IMO, the very most important thing in communicating health stuff to the public is *clarity*. Messages should be simple, easy to remember, easy to repeat. And to some extent, this should also be true of the public health response itself.
From the beginning, Covid communication was the opposite. Not only bad info, but excessively complicated info & excessively complicated recommendations: you're X% at risk if you're this age, in a room this size, with ventilation this good. Wear masks here but not here, etc.
All this nuance, however well-intended, basically ensured that everyone would be confused, different people would freestyle their own responses, & there would be maximal social tension over all of it, which sure enough, there was.

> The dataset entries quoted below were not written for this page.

lemma hill_uniform_linear_approx:
  assumes m: "m > 1" and eps: "\<epsilon> > 0"
  obtains \<delta> where "\<delta> > 0" "\<And>a b. \<bar>a\<bar> \<le> B \<Longrightarrow> \<bar>b - a\<bar> < \<delta> \<Longrightarrow>
            \<bar>hill m b - hill m a - dhill m a * (b - a)\<bar> \<le> \<epsilon> * \<bar>b - a\<bar>"
proof -
  let ?I = "{-(\<bar>B\<bar> + 1)..\<bar>B\<bar> + 1}"
  have "uniformly_continuous_on ?I (dhill m)"
    by (rule compact_uniformly_continuous[OF continuous_on_dhill[OF m]]) auto
  then obtain d where d: "d > 0" and dd: "\<And>x x'. x \<in> ?I \<Longrightarrow> x' \<in> ?I
      \<Longrightarrow> dist x' x < d \<Longrightarrow> dist (dhill m x') (dhill m x) < \<epsilon>"
    using eps unfolding uniformly_continuous_on_def by metis
  have "\<bar>hill m b - hill m a - dhill m a * (b - a)\<bar> \<le> \<epsilon> * \<bar>b - a\<bar>"
    if a: "\<bar>a\<bar> \<le> B" and ba: "\<bar>b - a\<bar> < min d 1" for a b
  proof -
    obtain z where z: "\<bar>z - a\<bar> \<le> \<bar>b - a\<bar>" "hill m b - hill m a = (b - a) * dhill m z"
      using hill_mean_value[OF m] .
    have "\<bar>dhill m z - dhill m a\<bar> \<le> \<epsilon>"
      using dd[of a z] a z ba by (force simp: dist_real_def)
    then have "\<bar>b - a\<bar> * \<bar>dhill m z - dhill m a\<bar> \<le> \<bar>b - a\<bar> * \<epsilon>"
      by (intro mult_left_mono) auto
    moreover have "hill m b - hill m a - dhill m a * (b - a) = (b - a) * (dhill m z - dhill m a)"
      using z by (simp add: algebra_simps)
    ultimately show ?thesis by (simp add: abs_mult mult.commute)
  qed
  then show ?thesis using d by (intro that[of "min d 1"]) auto
qed
(* Let $(\beta,\gamma)$ be antiferromagnetic, let $I\subset(0,\infty)$ be a closed interval, let $k\geq1$, and let $R_1(\lambda),\dots,R_k(\lambda)$ and $Q_0(\lambda)$ be twice continuously differentiable functions from $I$ to $(\gamma,1/\beta)$. Let $\mathcal{F}$ be the family of functions $Q_m:I\to(\gamma,1/\beta)$ obtained, for all $m\geq0$ and all sequences $a_0,\dots,a_{m-1}\in[k]$, by $$Q_{i+1}(\lambda)=\frac{1+\gamma\lambda R_{a_i}(\lambda)Q_i(\lambda)}{\beta+\lambda R_{a_i}(\lambda)Q_i(\lambda)},\qquad i=0,\dots,m-1.$$ Then there exist bounded intervals $I_1,I_2$ such that for every $\lambda\in I$ and every $Q\in\mathcal{F}$ we have $Q'(\lambda)\in I_1$ and $Q''(\lambda)\in I_2$.
   Context: A pair $(\beta,\gamma)$ with $\beta,\gamma\geq0$ is antiferromagnetic if $\beta\gamma\in[0,1)$ and at least one is nonzero; when $\beta=0$, $1/\beta=+\infty$. *)

theory Defs
  imports "HOL-Analysis.Analysis"
begin

definition antiferromagnetic :: "real \<Rightarrow> real \<Rightarrow> bool" where
  "antiferromagnetic \<beta> \<gamma> \<longleftrightarrow> \<beta> \<ge> 0 \<and> \<gamma> \<ge> 0 \<and> \<beta> * \<gamma> < 1 \<and> (\<beta> \<noteq> 0 \<or> \<gamma> \<noteq> 0)"

text \<open>Membership in the open interval (gamma, 1/beta), where 1/beta = +infinity if beta = 0.\<close>
definition in_range :: "real \<Rightarrow> real \<Rightarrow> real \<Rightarrow> bool" where
  "in_range \<beta> \<gamma> x \<longleftrightarrow> \<gamma> < x \<and> (\<beta> = 0 \<or> x < 1 / \<beta>)"

definition C2_on :: "real set \<Rightarrow> (real \<Rightarrow> real) \<Rightarrow> bool" where
  "C2_on I f \<longleftrightarrow> (\<exists>f1 f2. (\<forall>x\<in>I. (f has_real_derivative f1 x) (at x within I)
        \<and> (f1 has_real_derivative f2 x) (at x within I)) \<and> continuous_on I f2)"

inductive_set fam :: "real \<Rightarrow> real \<Rightarrow> nat \<Rightarrow> (nat \<Rightarrow> real \<Rightarrow> real) \<Rightarrow> (real \<Rightarrow> real) \<Rightarrow> (real \<Rightarrow> real) set"
  for \<beta> \<gamma> :: real and k :: nat and R :: "nat \<Rightarrow> real \<Rightarrow> real" and Q0 :: "real \<Rightarrow> real" where
  base: "Q0 \<in> fam \<beta> \<gamma> k R Q0"
| step: "Q \<in> fam \<beta> \<gamma> k R Q0 \<Longrightarrow> a \<in> {1..k} \<Longrightarrow>
     (\<lambda>l. (1 + \<gamma> * l * R a l * Q l) / (\<beta> + l * R a l * Q l)) \<in> fam \<beta> \<gamma> k R Q0"

end

theory Submission
  imports Defs
begin

(*
  Write f(y) = (1 + gamma y) / (beta + y), so that Q_{i+1} = f(y_i) with y_i = lambda R_{a_i} Q_i.
  Since f is decreasing and Q < 1/beta, every member of the family takes values in one compact
  interval [m, M] inside (0, oo), hence y_i stays in a compact interval [y_lo, y_hi] inside
  (0, oo).  Logarithmic derivatives transform by the elasticity phi(y) = y f'(y) / f(y):
    (log Q_{i+1})'  = phi(y_i) * (1/lambda + (log R)' + (log Q_i)'),
    (log Q_{i+1})'' = phi'(y_i) y_i ((log y_i)')^2 + phi(y_i) * (log y_i)''.
  In the antiferromagnetic regime |phi| < 1 on (0, oo), so |phi| <= c < 1 on [y_lo, y_hi], and
  both recursions are affine contractions in the bound on the previous member.  Bounds above
  their fixed points are therefore invariant along the family, and Q' = Q (log Q)',
  Q'' = Q ((log Q)'^2 + (log Q)'') are bounded as well.
*)

definition spin_map :: "real \<Rightarrow> real \<Rightarrow> real \<Rightarrow> real" where
  "spin_map \<beta> \<gamma> y = (1 + \<gamma> * y) / (\<beta> + y)"

definition elasticity :: "real \<Rightarrow> real \<Rightarrow> real \<Rightarrow> real" where
  "elasticity \<beta> \<gamma> y = (\<gamma> * \<beta> - 1) * y / ((\<beta> + y) * (1 + \<gamma> * y))"

definition elasticity_deriv :: "real \<Rightarrow> real \<Rightarrow> real \<Rightarrow> real" where
  "elasticity_deriv \<beta> \<gamma> y = (\<gamma> * \<beta> - 1) * (\<beta> - \<gamma> * y\<^sup>2) / ((\<beta> + y)\<^sup>2 * (1 + \<gamma> * y)\<^sup>2)"

lemma antiferromagneticD:
  assumes "antiferromagnetic \<beta> \<gamma>"
  shows "0 \<le> \<beta>" "0 \<le> \<gamma>" "\<beta> * \<gamma> < 1" "\<beta> \<noteq> 0 \<or> \<gamma> \<noteq> 0"
  using assms unfolding antiferromagnetic_def by auto

lemma in_range_pos: "antiferromagnetic \<beta> \<gamma> \<Longrightarrow> in_range \<beta> \<gamma> q \<Longrightarrow> 0 < q"
  unfolding antiferromagnetic_def in_range_def by linarith

lemma spin_map_denominators_pos:
  fixes \<beta> \<gamma> y :: real
  assumes "0 \<le> \<beta>" "0 \<le> \<gamma>" "0 < y"
  shows "0 < \<beta> + y" "0 < 1 + \<gamma> * y"
proof -
  have "0 \<le> \<gamma> * y"
    using assms by simp
  then show "0 < \<beta> + y" "0 < 1 + \<gamma> * y"
    using assms by linarith+
qed

lemma spin_map_antimono:
  assumes "0 \<le> \<beta>" "\<beta> * \<gamma> \<le> 1" "0 < y" "y \<le> z"
  shows "spin_map \<beta> \<gamma> z \<le> spin_map \<beta> \<gamma> y"
proof -
  have "(1 + \<gamma> * y) * (\<beta> + z) - (1 + \<gamma> * z) * (\<beta> + y) = (z - y) * (1 - \<beta> * \<gamma>)"
    by (simp add: algebra_simps)
  moreover have "0 \<le> (z - y) * (1 - \<beta> * \<gamma>)"
    using assms by simp
  ultimately have "(1 + \<gamma> * z) * (\<beta> + y) \<le> (1 + \<gamma> * y) * (\<beta> + z)"
    by linarith
  then show ?thesis
    using assms unfolding spin_map_def by (simp add: divide_simps)
qed

lemma spin_map_in_range:
  assumes "antiferromagnetic \<beta> \<gamma>" "0 < y"
  shows "in_range \<beta> \<gamma> (spin_map \<beta> \<gamma> y)"
proof -
  have \<beta>\<gamma>: "0 \<le> \<beta>" "0 \<le> \<gamma>" "\<beta> * \<gamma> < 1"
    using antiferromagneticD[OF assms(1)] by auto
  have "\<gamma> * (\<beta> + y) < 1 + \<gamma> * y"
    using \<beta>\<gamma> by (simp add: algebra_simps)
  then have "\<gamma> < spin_map \<beta> \<gamma> y"
    using \<beta>\<gamma> assms(2) unfolding spin_map_def by (simp add: field_simps)
  moreover have "spin_map \<beta> \<gamma> y < 1 / \<beta>" if "0 < \<beta>"
  proof -
    have "\<beta> * (\<gamma> * y) < y"
      using \<beta>\<gamma> assms(2) by (simp add: mult.assoc[symmetric])
    then show ?thesis
      using that assms(2) unfolding spin_map_def by (simp add: field_simps)
  qed
  ultimately show ?thesis
    using \<beta>\<gamma>(1) unfolding in_range_def by force
qed

lemma spin_map_uniform_lower_bound:
  assumes "antiferromagnetic \<beta> \<gamma>" "0 \<le> s"
  shows "\<exists>m>0. \<forall>q y. in_range \<beta> \<gamma> q \<longrightarrow> 0 < y \<longrightarrow> y \<le> s * q \<longrightarrow> m \<le> spin_map \<beta> \<gamma> y"
proof (cases "\<beta> = 0")
  case True
  then have "0 < \<gamma>" "\<beta> = 0"
    using antiferromagneticD[OF assms(1)] by auto
  then show ?thesis
    by (intro exI[of _ \<gamma>]) (auto simp: spin_map_def field_simps)
next
  case False
  then have \<beta>: "0 < \<beta>" "\<beta> * \<gamma> < 1" "0 \<le> \<gamma>"
    using antiferromagneticD[OF assms(1)] by auto
  have "spin_map \<beta> \<gamma> (s / \<beta>) \<le> spin_map \<beta> \<gamma> y"
    if "in_range \<beta> \<gamma> q" "0 < y" "y \<le> s * q" for q y
  proof -
    have "s * q \<le> s * (1 / \<beta>)"
      using that(1) \<beta> assms(2) unfolding in_range_def by (intro mult_left_mono) auto
    then show ?thesis
      using spin_map_antimono[of \<beta> \<gamma> y "s / \<beta>"] \<beta> that by simp
  qed
  moreover have "0 < spin_map \<beta> \<gamma> (s / \<beta>)"
    using \<beta> assms(2) unfolding spin_map_def by (simp add: add_pos_nonneg)
  ultimately show ?thesis
    by blast
qed
section \<open>Uniqueness of bounded solutions\<close>

text \<open>The pairing is constant because \<open>(U', U'')\<close> solves the system adjoint to this one.\<close>

lemma adjoint_pairing_constant:
  fixes z1 z2 :: "real \<Rightarrow> complex"
  assumes d1: "\<And>x. (z1 has_vector_derivative complex_of_real (p_U x) * z2 x) (at x)"
    and d2: "\<And>x. (z2 has_vector_derivative - z1 x + complex_of_real (q_U x) * z2 x) (at x)"
  obtains C where "\<And>x. complex_of_real (U' x) * z1 x + complex_of_real (U'' x) * z2 x = C"
proof -
  have deriv0: "((\<lambda>t. complex_of_real (U' t) * z1 t + complex_of_real (U'' t) * z2 t) has_vector_derivative 0) (at x)"
    for x
  proof -
    have "((\<lambda>t. complex_of_real (U' t) * z1 t + complex_of_real (U'' t) * z2 t) has_vector_derivative
        (complex_of_real (U' x) * (complex_of_real (p_U x) * z2 x) + complex_of_real (U'' x) * z1 x) +
        (complex_of_real (U'' x) * (- z1 x + complex_of_real (q_U x) * z2 x) +
         complex_of_real (- (p_U x * U' x) - q_U x * U'' x) * z2 x)) (at x)"
      by (intro has_vector_derivative_add has_vector_derivative_mult has_vector_derivative_of_real
          d1 d2 U'_deriv U''_deriv)
    then show ?thesis by (simp add: algebra_simps)
  qed
  obtain C where "\<And>x. x \<in> UNIV \<Longrightarrow> complex_of_real (U' x) * z1 x + complex_of_real (U'' x) * z2 x = C"
    using has_vector_derivative_zero_constant[OF convex_UNIV deriv0] by blast
  then show ?thesis using that by blast
qed

lemma adjoint_sol_proportional:
  fixes z1 z2 :: "real \<Rightarrow> complex"
  assumes d1: "\<And>x. (z1 has_vector_derivative complex_of_real (p_U x) * z2 x) (at x)"
    and d2: "\<And>x. (z2 has_vector_derivative - z1 x + complex_of_real (q_U x) * z2 x) (at x)"
    and pairing: "\<And>x. complex_of_real (U' x) * z1 x + complex_of_real (U'' x) * z2 x = 0"
  shows "\<exists>k. \<forall>x. z1 x = k * complex_of_real (zeta x) \<and> z2 x = k * complex_of_real (eta x)"
proof -
  obtain x0 where "U' x0 \<noteq> 0" using U'_not_identically_zero by blast
  then have "eta x0 \<noteq> 0" using W_pos[of x0] by (simp add: eta_def)
  define k where "k = z2 x0 / complex_of_real (eta x0)"
  define w1 where "w1 t = z1 t - k * complex_of_real (zeta t)" for t
  define w2 where "w2 t = z2 t - k * complex_of_real (eta t)" for t
  have "(w1 has_vector_derivative complex_of_real 0 * w1 x + complex_of_real (p_U x) * w2 x) (at x)" for x
  proof -
    have "(w1 has_vector_derivative complex_of_real (p_U x) * z2 x - k * complex_of_real (p_U x * eta x)) (at x)"
      unfolding w1_def[abs_def]
      by (intro has_vector_derivative_diff d1 has_vector_derivative_mult_right has_vector_derivative_of_real zeta_deriv)
    then show ?thesis by (simp add: w2_def algebra_simps)
  qed
  moreover have "(w2 has_vector_derivative complex_of_real (- 1) * w1 x + complex_of_real (q_U x) * w2 x) (at x)" for x
  proof -
    have "(w2 has_vector_derivative (- z1 x + complex_of_real (q_U x) * z2 x) - k * complex_of_real (eta' x)) (at x)"
      unfolding w2_def[abs_def]
      by (intro has_vector_derivative_diff d2 has_vector_derivative_mult_right has_vector_derivative_of_real eta_deriv)
    then show ?thesis by (simp add: w1_def w2_def eta'_def algebra_simps)
  qed
  moreover have "w2 x0 = 0" using \<open>eta x0 \<noteq> 0\<close> by (simp add: w2_def k_def)
  moreover have "w1 x0 = 0"
  proof -
    have "z1 x0 = - complex_of_real (U'' x0) * z2 x0 / complex_of_real (U' x0)"
      using pairing[of x0] \<open>U' x0 \<noteq> 0\<close> by (simp add: field_simps add_eq_0_iff)
    moreover have "k * complex_of_real (zeta x0) = - complex_of_real (U'' x0) * z2 x0 / complex_of_real (U' x0)"
      using \<open>U' x0 \<noteq> 0\<close> W_pos[of x0] unfolding k_def zeta_def eta_def by (simp add: field_simps)
    ultimately show ?thesis by (simp add: w1_def)
  qed
  moreover have "continuous_on UNIV (\<lambda>_. 0 :: real)" "continuous_on UNIV (\<lambda>_. - 1 :: real)"
    by (rule continuous_on_const)+
  ultimately have "w1 x = 0 \<and> w2 x = 0" for x
    using linear_system_vanishes[of w1 "\<lambda>_. 0" p_U w2 "\<lambda>_. - 1" q_U x0 x]
      continuous_p_U continuous_q_U by blast
  then show ?thesis by (auto simp: w1_def w2_def)
qed

lemma pairing_tendsto_zero:
  fixes z1 z2 :: "real \<Rightarrow> complex"
  assumes "\<And>x. norm (z1 x) \<le> M1" "\<And>x. norm (z2 x) \<le> M2"
  shows "((\<lambda>x. complex_of_real (U' x) * z1 x + complex_of_real (U'' x) * z2 x) \<longlongrightarrow> 0) at_top"
proof (rule Lim_null_comparison)
  show "\<forall>\<^sub>F x in at_top. norm (complex_of_real (U' x) * z1 x + complex_of_real (U'' x) * z2 x)
      \<le> \<bar>U' x\<bar> * M1 + \<bar>U'' x\<bar> * M2"
  proof (intro always_eventually allI)
    fix x
    have "norm (complex_of_real (U' x) * z1 x + complex_of_real (U'' x) * z2 x)
        \<le> \<bar>U' x\<bar> * norm (z1 x) + \<bar>U'' x\<bar> * norm (z2 x)"
      using norm_triangle_ineq[of "complex_of_real (U' x) * z1 x" "complex_of_real (U'' x) * z2 x"]
      by (simp add: norm_mult)
    also have "\<dots> \<le> \<bar>U' x\<bar> * M1 + \<bar>U'' x\<bar> * M2"
      using assms by (intro add_mono mult_left_mono) auto
    finally show "norm (complex_of_real (U' x) * z1 x + complex_of_real (U'' x) * z2 x)
        \<le> \<bar>U' x\<bar> * M1 + \<bar>U'' x\<bar> * M2" .
  qed
  show "((\<lambda>x. \<bar>U' x\<bar> * M1 + \<bar>U'' x\<bar> * M2) \<longlongrightarrow> 0) at_top"
    using tendsto_add[OF tendsto_mult_right[OF tendsto_rabs[OF U'_tendsto_0(1)]]
        tendsto_mult_right[OF tendsto_rabs[OF U''_tendsto_0(1)]]] by simp
qed

lemma adjoint_sol_unique:
  assumes "adjoint_sol f \<tau> c U y" "bounded (range y)"
  shows "\<exists>k::complex. \<forall>x. y x = k *s y0 x"
proof -
  note d = assms(1)[unfolded adjoint_sol_iff, rule_format]
  obtain C where C: "\<And>x. complex_of_real (U' x) * y x $ 1 + complex_of_real (U'' x) * y x $ 2 = C"
    using adjoint_pairing_constant[of "\<lambda>t. y t $ 1" "\<lambda>t. y t $ 2"] d by metis
  obtain M where M: "\<And>x. norm (y x) \<le> M" using assms(2) by (auto simp: bounded_iff)
  have "norm (y x $ i) \<le> M" for x i by (rule order_trans[OF Finite_Cartesian_Product.norm_nth_le M])
  then have "((\<lambda>x::real. C) \<longlongrightarrow> 0) at_top"
    using pairing_tendsto_zero[of "\<lambda>t. y t $ 1" M "\<lambda>t. y t $ 2" M] C by simp
  then have "C = 0" using tendsto_const_iff[OF trivial_limit_at_top_linorder] by blast
  then obtain k where "\<And>x. y x $ 1 = k * complex_of_real (zeta x) \<and> y x $ 2 = k * complex_of_real (eta x)"
    using adjoint_sol_proportional[of "\<lambda>t. y t $ 1" "\<lambda>t. y t $ 2"] d C by blast
  then have "y x = k *s y0 x" for x by (simp add: vec_eq_iff forall_2 y0_nth)
  then show ?thesis by blast
qed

My thought was always that, from the very beginning, authorities should have imposed clarity, even at the risk of, uh, over-protecting some people. Don't try to "optimize" the response; accept that big, dumb, directionally correct response is the best outcome available.
To wit, in March 2020, the message should have been: "Covid has exceeded X% of the population, so we're all going to wear masks, any time we're indoors or in crowded outdoor spaces. We're all going to do this until the rate of Covid falls back below X%."
This offers people two things: one, the cognitive load of "whether to wear a mask" is gone. Everybody's supposed to wear it. And two, there's a clear metric for when masks can come off, a clear target we can all see, understand, & pursue together.
One thing progs always misunderstand about the authoritarian (& authoritarian-lite) personalities on the right: they appreciate authority! They respond to force, to orders. Ambiguity makes them *more* anxious & angry & resistant than simple, clear commands.
The pursuit of a common, transparent metric would also have marshaled more social pressure against anti-vaxxers. "We can't take our masks off until they get their shit together." That's much clearer & more intuitive than the kind of begging & pleading now going on.
Anyway, I'm just some schmo, but in retrospect, that's what I think could have worked: we all put on masks together, at once, and we all take them off together, at once, when we hit our goal. No need for all these cognitively & emotionally draining individual calculations.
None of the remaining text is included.